The District Council of Coglin was a local government area in South Australia. It came into operation on 5 January 1888 under the provisions of the District Councils Act 1887. At its inception, it comprised the Hundreds of Cavenagh, Coglin, Gumbowie, Parnaroo, Hardy, Nackara, and Paratoo. It was divided into four wards: Coglin, Gumbowie, East and North. Meetings were held alternately at Dawson and Lancelot until 1899, and thereafter at Penn (now Oodla Wirra).

In 1923, it was responsible for a chiefly grazing and farming district of 595,200 acres. It was reported in that year that of the five officially surveyed townships in the municipality, three now had no residents, with the surviving towns being Penn (30 residents) and Dawson (20 residents).
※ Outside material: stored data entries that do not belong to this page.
(* For every integer $n\ge 3$, the graph $R_n$ is a rooted directed path graph.
   Context: For $n\ge 3$, $R_n$ is the graph with vertex set $\bigcup_{i=1}^n\{a_i,b_i,c_i,d_i\}$ (all distinct, $4n$ vertices), in which two distinct vertices are adjacent iff they both belong to one of the sets $C_i=\{a_i,b_i,c_i,d_i\}$ ($1\le i\le n$) or $C'_i=\{a_j \mid i\le j\le n\}\cup\{b_i,b_{i+1},c_i\}$ ($1\le i\le n-1$); these sets are exactly the maximal cliques of $R_n$. A graph is a rooted directed path graph if it is the intersection graph of a family of directed paths in an arborescence (a rooted tree with all edges directed away from the root), i.e. vertices correspond to directed paths and two distinct vertices are adjacent iff their paths share a node. *)

theory Defs
  imports Main
begin

datatype rvert = Va nat | Vb nat | Vc nat | Vd nat

definition cliqueC :: "nat \<Rightarrow> rvert set" where
  "cliqueC i = {Va i, Vb i, Vc i, Vd i}"

definition cliqueC' :: "nat \<Rightarrow> nat \<Rightarrow> rvert set" where
  "cliqueC' n i = {Va j | j. i \<le> j \<and> j \<le> n} \<union> {Vb i, Vb (Suc i), Vc i}"

definition R_verts :: "nat \<Rightarrow> rvert set" where
  "R_verts n = (\<Union>i\<in>{1..n}. cliqueC i)"

definition R_adj :: "nat \<Rightarrow> rvert \<Rightarrow> rvert \<Rightarrow> bool" where
  "R_adj n u v \<longleftrightarrow> u \<noteq> v \<and>
     ((\<exists>i\<in>{1..n}. u \<in> cliqueC i \<and> v \<in> cliqueC i) \<or>
      (\<exists>i\<in>{1..n-1}. u \<in> cliqueC' n i \<and> v \<in> cliqueC' n i))"

definition arborescence :: "nat set \<Rightarrow> nat \<Rightarrow> (nat \<times> nat) set \<Rightarrow> bool" where
  "arborescence N r Arc \<longleftrightarrow> finite N \<and> r \<in> N \<and> Arc \<subseteq> N \<times> N \<and>
     (\<forall>x. (x, r) \<notin> Arc) \<and>
     (\<forall>y\<in>N. y \<noteq> r \<longrightarrow> (\<exists>!x. (x, y) \<in> Arc)) \<and>
     (\<forall>y\<in>N. (r, y) \<in> Arc\<^sup>*)"

definition dpath :: "(nat \<times> nat) set \<Rightarrow> nat list \<Rightarrow> bool" where
  "dpath Arc p \<longleftrightarrow> p \<noteq> [] \<and> (\<forall>i. Suc i < length p \<longrightarrow> (p ! i, p ! Suc i) \<in> Arc)"

definition rooted_directed_path_graph :: "'v set \<Rightarrow> ('v \<Rightarrow> 'v \<Rightarrow> bool) \<Rightarrow> bool" where
  "rooted_directed_path_graph V E \<longleftrightarrow>
     (\<exists>N r Arc P. arborescence N r Arc \<and>
        (\<forall>v\<in>V. dpath Arc (P v) \<and> set (P v) \<subseteq> N) \<and>
        (\<forall>u\<in>V. \<forall>v\<in>V. u \<noteq> v \<longrightarrow> (E u v \<longleftrightarrow> set (P u) \<inter> set (P v) \<noteq> {})))"

end

theory Submission
  imports Defs
begin

(* Arrange the maximal cliques in an arborescence: the spine C'_1 -> C'_2 -> ... -> C'_(n-1),
   rooted at C'_1, with each C_j a leaf below C'_j (and C_n below C'_(n-1)). The cliques
   containing a given vertex then form a directed path: C'_1, ..., C'_j, C_j for a_j (cut off at
   C'_(n-1)), C'_(j-1), C'_j, C_j for b_j, C'_j, C_j for c_j, and C_j alone for d_j. Two vertices
   are adjacent iff they share a maximal clique, i.e. iff their paths share a node. *)

lemma dpath_iff_successively:
  "dpath Arc p \<longleftrightarrow> p \<noteq> [] \<and> successively (\<lambda>x y. (x, y) \<in> Arc) p"
  by (simp add: dpath_def successively_conv_nth)

lemma dpath_upt_snoc:
  assumes "\<And>k. lo \<le> k \<Longrightarrow> Suc k < hi \<Longrightarrow> (k, Suc k) \<in> Arc"
    and "lo < hi \<Longrightarrow> (hi - 1, z) \<in> Arc"
  shows "dpath Arc ([lo..<hi] @ [z])"
proof -
  have "successively (\<lambda>x y. (x, y) \<in> Arc) [lo..<hi]"
    using assms(1) by (auto simp: successively_conv_nth)
  then show ?thesis
    using assms(2) by (cases "lo < hi") (auto simp: dpath_iff_successively successively_append_iff)
qed

definition parent_arcs :: "nat set \<Rightarrow> nat \<Rightarrow> (nat \<Rightarrow> nat) \<Rightarrow> (nat \<times> nat) set" where
  "parent_arcs N r par = {(par y, y) | y. y \<in> N - {r}}"

lemma arborescence_parent_arcs:
  assumes "finite N" "r \<in> N"
    and parent_in: "\<And>y. y \<in> N \<Longrightarrow> y \<noteq> r \<Longrightarrow> par y \<in> N"
    and parent_less: "\<And>y. y \<in> N \<Longrightarrow> y \<noteq> r \<Longrightarrow> par y < y"
  shows "arborescence N r (parent_arcs N r par)"
proof -
  have "(r, y) \<in> (parent_arcs N r par)\<^sup>*" if "y \<in> N" for y
    using that
  proof (induction y rule: less_induct)
    case (less y)
    show ?case
    proof (cases "y = r")
      case False
      then have "(r, par y) \<in> (parent_arcs N r par)\<^sup>*"
        using less parent_in parent_less by blast
      moreover have "(par y, y) \<in> parent_arcs N r par"
        using less.prems False by (auto simp: parent_arcs_def)
      ultimately show ?thesis by (rule rtrancl_into_rtrancl)
    qed simp
  qed
  then show ?thesis
    using assms by (auto simp: arborescence_def parent_arcs_def)
qed

lemma rooted_directed_path_graph_of_clique_tree:
  assumes "arborescence N r Arc"
    and "\<And>v. v \<in> V \<Longrightarrow> dpath Arc (P v)"
    and "\<And>v. v \<in> V \<Longrightarrow> set (P v) = {x \<in> N. v \<in> K x}"
    and "\<And>u v. u \<in> V \<Longrightarrow> v \<in> V \<Longrightarrow> u \<noteq> v \<Longrightarrow> E u v \<longleftrightarrow> (\<exists>x\<in>N. u \<in> K x \<and> v \<in> K x)"
  shows "rooted_directed_path_graph V E"
  unfolding rooted_directed_path_graph_def
  using assms by (intro exI[of _ N] exI[of _ r] exI[of _ Arc] exI[of _ P]) auto

(* Node i < n of the tree is the spine node C'_i, node n + j is the leaf C_j. *)
definition R_nodes :: "nat \<Rightarrow> nat set" where
  "R_nodes n = {1..<n} \<union> {n<..2 * n}"

definition R_bag :: "nat \<Rightarrow> nat \<Rightarrow> rvert set" where
  "R_bag n x = (if x < n then cliqueC' n x else cliqueC (x - n))"

definition R_parent :: "nat \<Rightarrow> nat \<Rightarrow> nat" where
  "R_parent n y = (if y < n then y - 1 else min (y - n) (n - 1))"

definition rvert_index :: "rvert \<Rightarrow> nat" where
  "rvert_index v = (case v of Va j \<Rightarrow> j | Vb j \<Rightarrow> j | Vc j \<Rightarrow> j | Vd j \<Rightarrow> j)"

(* The first spine node whose clique contains v; for d_j it lies past the spine end min (j + 1) n. *)
definition spine_start :: "rvert \<Rightarrow> nat" where
  "spine_start v = (case v of Va j \<Rightarrow> 1 | Vb j \<Rightarrow> max 1 (j - 1) | Vc j \<Rightarrow> j | Vd j \<Rightarrow> Suc j)"

definition R_path :: "nat \<Rightarrow> rvert \<Rightarrow> nat list" where
  "R_path n v = [spine_start v..<min (Suc (rvert_index v)) n] @ [n + rvert_index v]"

lemma R_verts_iff: "v \<in> R_verts n \<longleftrightarrow> 1 \<le> rvert_index v \<and> rvert_index v \<le> n"
  by (cases v) (auto simp: R_verts_def cliqueC_def rvert_index_def)

lemma arborescence_R:
  assumes "n \<ge> 2"
  shows "arborescence (R_nodes n) 1 (parent_arcs (R_nodes n) 1 (R_parent n))"
  using assms by (intro arborescence_parent_arcs) (auto simp: R_nodes_def R_parent_def)

lemma dpath_R_path:
  assumes "n \<ge> 2" "v \<in> R_verts n"
  shows "dpath (parent_arcs (R_nodes n) 1 (R_parent n)) (R_path n v)"
  unfolding R_path_def
  using assms by (intro dpath_upt_snoc)
    (cases v; force simp: parent_arcs_def R_nodes_def R_parent_def R_verts_iff rvert_index_def spine_start_def)+

lemma set_R_path:
  assumes "v \<in> R_verts n"
  shows "set (R_path n v) = {x \<in> R_nodes n. v \<in> R_bag n x}"
  using assms
  by (cases v) (auto simp: R_path_def R_nodes_def R_bag_def R_verts_iff rvert_index_def spine_start_def cliqueC_def cliqueC'_def)

lemma R_bag_image: "R_bag n ` R_nodes n = cliqueC' n ` {1..n-1} \<union> cliqueC ` {1..n}"
proof -
  have "R_nodes n = {1..n-1} \<union> (+) n ` {1..n}"
    by (auto simp: R_nodes_def image_iff intro: exI[of _ "x - n" for x])
  then have "R_bag n ` R_nodes n = R_bag n ` {1..n-1} \<union> (R_bag n \<circ> (+) n) ` {1..n}"
    by (simp only: image_Un image_comp)
  moreover have "R_bag n ` {1..n-1} = cliqueC' n ` {1..n-1}"
    by (rule image_cong) (auto simp: R_bag_def)
  moreover have "(R_bag n \<circ> (+) n) ` {1..n} = cliqueC ` {1..n}"
    by (rule image_cong) (auto simp: R_bag_def)
  ultimately show ?thesis
    by simp
qed

lemma R_adj_iff_common_bag:
  assumes "u \<noteq> v"
  shows "R_adj n u v \<longleftrightarrow> (\<exists>x\<in>R_nodes n. u \<in> R_bag n x \<and> v \<in> R_bag n x)"
proof -
  have "(\<exists>x\<in>R_nodes n. u \<in> R_bag n x \<and> v \<in> R_bag n x) \<longleftrightarrow>
      (\<exists>K\<in>R_bag n ` R_nodes n. u \<in> K \<and> v \<in> K)"
    by blast
  then show ?thesis
    using assms unfolding R_bag_image R_adj_def by blast
qed

theorem mainTheorem2:
  fixes n :: nat
  assumes "n \<ge> 3"
  shows "rooted_directed_path_graph (R_verts n) (R_adj n)"
proof (rule rooted_directed_path_graph_of_clique_tree[where K = "R_bag n"])
  show "arborescence (R_nodes n) 1 (parent_arcs (R_nodes n) 1 (R_parent n))"
    using assms by (intro arborescence_R) simp
  show "dpath (parent_arcs (R_nodes n) 1 (R_parent n)) (R_path n v)" if "v \<in> R_verts n" for v
    using assms that by (intro dpath_R_path) simp_all
  show "set (R_path n v) = {x \<in> R_nodes n. v \<in> R_bag n x}" if "v \<in> R_verts n" for v
    using that by (rule set_R_path)
  show "R_adj n u v \<longleftrightarrow> (\<exists>x\<in>R_nodes n. u \<in> R_bag n x \<and> v \<in> R_bag n x)"
    if "u \<in> R_verts n" "v \<in> R_verts n" "u \<noteq> v" for u v
    using that(3) by (rule R_adj_iff_common_bag)
qed

end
The total population was 970, residing in 226 dwellings, with the total ratable capital value of the district being £230,000. The council was abolished in 1935 following a Local Government Commission report that advocated cutting the number of municipalities in South Australia from 196 to 142: the report saw the Coglin council merge with the District Council of Yongala and a severed portion of the Corporate Town of Peterborough to form the District Council of Peterborough.

==Chairmen==

- H. Richards (1901)
- E. O'Brien (1918-1919)
- G. L. Ferguson (1919-1923)
- J. Philp (1923-1924)
- E. D. Sawers (1934)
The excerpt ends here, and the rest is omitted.